= Task prompt =
What lines below include the string "interior"? Pick them out and copy them.

Information supplied Block Start

(* Slater's condition fails here (the only feasible point is -|y| a), which is why no finite
   multiplier closes the gap. *)
lemma theta_opt_active_infinite:
  assumes "norm a = 1" "norm lam = 1" "(lam \<bullet> a)\<^sup>2 < 1" "(d \<bullet> y)\<^sup>2 = (norm y)\<^sup>2"
    and active: "(lam \<bullet> a) * norm y + d \<bullet> y > 0"
  shows "theta_opt a lam d y = \<infinity>"
    "(dual_obj a lam d y \<longlongrightarrow> opt_value_formula a lam d y) at_top"
proof -
  define c R where "c = lam \<bullet> a" and "R = norm y"
  have "c < 1"
    using assms(3) by (simp add: c_def abs_square_less_1)
  have "d \<bullet> y = R \<or> d \<bullet> y = - R"
    using assms(4) by (simp add: R_def power2_eq_iff)
  then have s: "d \<bullet> y = R" and "R > 0"
    using active \<open>c < 1\<close> mult_right_mono[of c 1 R]
    by (auto simp: c_def R_def not_less[symmetric])
  then show "theta_opt a lam d y = \<infinity>"
    using assms(3) active by (simp add: theta_opt_def s c_def R_def)
  have "dual_obj a lam d y = (\<lambda>\<theta>. sqrt (1 - 2 * \<theta> * c + \<theta>\<^sup>2) * R - \<theta> * R)"
    by (simp add: fun_eq_iff dual_obj_unit[OF assms(1,2)] s c_def R_def)
  moreover have "((\<lambda>\<theta>. sqrt (1 - 2 * \<theta> * c + \<theta>\<^sup>2) * R - \<theta> * R) \<longlongrightarrow> - R * c) at_top"
    by real_asymp
  ultimately show "(dual_obj a lam d y \<longlongrightarrow> opt_value_formula a lam d y) at_top"
    using active by (simp add: opt_value_formula_def s c_def R_def)
qed

lemma primal_value_parallel:
  assumes "norm a = 1" "lam = a \<or> lam = - a" "\<bar>d \<bullet> y\<bar> \<le> norm y"
    and active: "(lam \<bullet> a) * norm y + d \<bullet> y > 0"
  shows "primal_value a lam d y = opt_value_formula a lam d y"
proof -
  have aa: "a \<bullet> a = 1"
    using assms(1) by (simp flip: power2_norm_eq_inner)
  have lam: "lam = a"
    using assms(2-4) aa by auto
  have "primal_optimal a lam d y (- (d \<bullet> y) *\<^sub>R a)"
    using assms(1,3) aa by (simp add: primal_optimal_def primal_feasible_def lam)
  then have "primal_value a lam d y = - (d \<bullet> y)"
    by (simp add: primal_value_eq_optimal lam aa)
  also have "\<dots> = opt_value_formula a lam d y"
    using active by (simp add: opt_value_formula_def lam aa)
  finally show ?thesis .
qed

theorem propositionA1:
  fixes a lam :: "real^'n" and d y :: "real^'m"
  assumes "norm a = 1" and "norm lam = 1" and "norm d \<le> 1"
  shows "(lam \<noteq> a \<and> lam \<noteq> - a \<longrightarrow>
            (\<forall>\<theta>\<ge>0. lagrange_dual_fun a lam d y \<theta> = dual_obj a lam d y \<theta>) \<and>
            primal_optimal a lam d y (x_opt a lam d y) \<and>
            dual_optimal a lam d y (theta_opt a lam d y) \<and>
            primal_value a lam d y = dual_value a lam d y) \<and>
         primal_value a lam d y = opt_value_formula a lam d y"
proof -
  have s_le: "\<bar>d \<bullet> y\<bar> \<le> norm y"
    using assms(3) by (rule abs_inner_le_norm_of_norm_le_1)
  have dual_fun: "\<forall>\<theta>\<ge>0. lagrange_dual_fun a lam d y \<theta> = dual_obj a lam d y \<theta>"
    by (simp add: lagrange_dual_fun_eq_dual_obj)
  have "(d \<bullet> y)\<^sup>2 \<le> (norm y)\<^sup>2"
    using s_le abs_le_square_iff[of "d \<bullet> y" "norm y"] by simp
  then consider (inactive) "(lam \<bullet> a) * norm y + d \<bullet> y \<le> 0"
    | (parallel) "(lam \<bullet> a) * norm y + d \<bullet> y > 0" "lam = a \<or> lam = - a"
    | (interior) "(lam \<bullet> a) * norm y + d \<bullet> y > 0" "(lam \<bullet> a)\<^sup>2 < 1" "(d \<bullet> y)\<^sup>2 < (norm y)\<^sup>2"
    | (boundary) "(lam \<bullet> a) * norm y + d \<bullet> y > 0" "(lam \<bullet> a)\<^sup>2 < 1" "(d \<bullet> y)\<^sup>2 = (norm y)\<^sup>2"
    using inner_square_less_one_of_unit[OF assms(1,2)] by fastforce
  then show ?thesis
  proof cases
    case inactive
    note pair = optimal_pair_inactive[OF assms(2) inactive]
    show ?thesis
      using strong_duality_finite[OF pair(1) _ pair(3)] pair(2,4) dual_fun by simp
  next
    case parallel
    then show ?thesis
      using primal_value_parallel[OF assms(1) parallel(2) s_le parallel(1)] by blast
  next
    case interior
    note x = x_opt_active[OF assms(1,2) interior(2) s_le interior(1)]
    obtain \<theta> where "\<theta> \<ge> 0" "theta_opt a lam d y = ereal \<theta>"
      "dual_obj a lam d y \<theta> = opt_value_formula a lam d y"
      using theta_opt_active_finite[OF assms(1,2) interior(2,3,1)] .
    then show ?thesis
      using strong_duality_finite[OF x(1), of \<theta> lam] x(2) dual_fun by simp
  next
    case boundary
    note x = x_opt_active[OF assms(1,2) boundary(2) s_le boundary(1)]
    note \<theta> = theta_opt_active_infinite[OF assms(1,2) boundary(2,3,1)]
    show ?thesis
      using strong_duality_at_top[OF x(1)] \<theta> x(2) dual_fun by simp
  qed
qed

end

Information supplied Block End

= Answer to this task =
    | (interior) "(lam \<bullet> a) * norm y + d \<bullet> y > 0" "(lam \<bullet> a)\<^sup>2 < 1" "(d \<bullet> y)\<^sup>2 < (norm y)\<^sup>2"
    case interior
    note x = x_opt_active[OF assms(1,2) interior(2) s_le interior(1)]
      using theta_opt_active_finite[OF assms(1,2) interior(2,3,1)] .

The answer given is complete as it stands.